Work instructions:
Please output only the lines that run from the line containing "theory Defs" through the end of the material below, exactly.

Data for analysis:
(* The relations $[B_{r-1},[B_r,[F_X^+,B_{\tau(r)}]_q]_q]_q=[[B_{r-1},[B_r,F_X^+]_q]_q,B_{\tau(r)}]_q+qc_{\tau(r)}B_{r-1}L_r(K_X-K_X^{-1})$ and $[B_{\tau(r-1)},[B_{\tau(r)},[F_X^-,B_r]_q]_q]_q=[[B_{\tau(r-1)},[B_{\tau(r)},F_X^-]_q]_q,B_r]_q+qc_rB_{\tau(r-1)}L_{\tau(r)}(K_X-K_X^{-1})$ hold in $B_{\mathbf c}$.
   Context: Let $\mathbb K$ be a field of characteristic zero and $q$ an indeterminate. $n\ge1$, $I=\{1,\dots,n\}$, $\mathfrak g=\mathfrak{sl}_{n+1}(\mathbb C)$, simple roots $\alpha_i$, fundamental weights $\varpi_i$, weight lattice $P$, Cartan matrix $a_{ii}=2$, $a_{ij}=-1$ if $|i-j|=1$, else $0$, form $(\alpha_i,\alpha_j)=a_{ij}$, $(\alpha_i,\varpi_j)=\delta_{ij}$. $U_q(\mathfrak g)$ is the $\mathbb K(q^{1/2})$-algebra generated by $E_i,F_i,K_\mu$ ($\mu\in P$) with $K_0=1$, $K_\mu K_\lambda=K_{\mu+\lambda}$, $K_\mu E_i=q^{(\alpha_i,\mu)}E_iK_\mu$, $K_\mu F_i=q^{-(\alpha_i,\mu)}F_iK_\mu$, $E_iF_j-F_jE_i=\delta_{ij}\frac{K_i-K_i^{-1}}{q-q^{-1}}$ ($K_i=K_{\alpha_i}$), and the quantum Serre relations. $[a,b]_c=ab-cba$. Fix $r$ with $2\le r\le\lceil n/2\rceil-1$, $X=\{r+1,\dots,n-r\}$, $\tau(i)=n-i+1$ (on weights $\varpi_i\mapsto\varpi_{\tau(i)}$). $E_X^+=[E_{r+1},[\dots,[E_{n-r-1},E_{n-r}]_{q^{-1}}\dots]_{q^{-1}}]_{q^{-1}}$, $E_X^-=[E_{n-r},[\dots,[E_{r+2},E_{r+1}]_{q^{-1}}\dots]_{q^{-1}}]_{q^{-1}}$, $F_X^+=[F_{r+1},[\dots,[F_{n-r-1},F_{n-r}]_q\dots]_q]_q$, $F_X^-=[F_{n-r},[\dots,[F_{r+2},F_{r+1}]_q\dots]_q]_q$ (equal to $E_{r+1}$, $F_{r+1}$ if $|X|=1$); $K_X=K_{r+1}\cdots K_{n-r}$; $L_i=K_iK_{\tau(i)}^{-1}$. $\mathcal M_X$ is generated by $E_j,F_j,K_j^{\pm1}$ ($j\in X$); $U^0_\Theta$ by the $K_\mu$ with $-w_X\tau(\mu)=\mu$ ($w_X$ longest element of the parabolic Weyl subgroup for $X$). Parameters $c_i\in\mathbb K(q^{1/2})^\times$ ($i\in I\setminus X$) with $c_i=c_{\tau(i)}$ for $i\notin X\cup\{r,\tau(r)\}$. $B_i=F_i-c_iE_{\tau(i)}K_i^{-1}$ for $i\in I\setminus(X\cup\{r,\tau(r)\})$, $B_r=F_r-c_r[E_X^+,E_{\tau(r)}]_{q^{-1}}K_r^{-1}$, $B_{\tau(r)}=F_{\tau(r)}-c_{\tau(r)}[E_X^-,E_r]_{q^{-1}}K_{\tau(r)}^{-1}$; $B_{\mathbf c}$ is the subalgebra generated by $\mathcal M_X$, $U^0_\Theta$ and the $B_i$. *)

theory Defs
  imports "HOL-Library.Function_Algebras" "HOL-Computational_Algebra.Polynomial" "HOL-Computational_Algebra.Fraction_Field"
begin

Response to this exercise:
theory Defs
  imports "HOL-Library.Function_Algebras" "HOL-Computational_Algebra.Polynomial" "HOL-Computational_Algebra.Fraction_Field"
begin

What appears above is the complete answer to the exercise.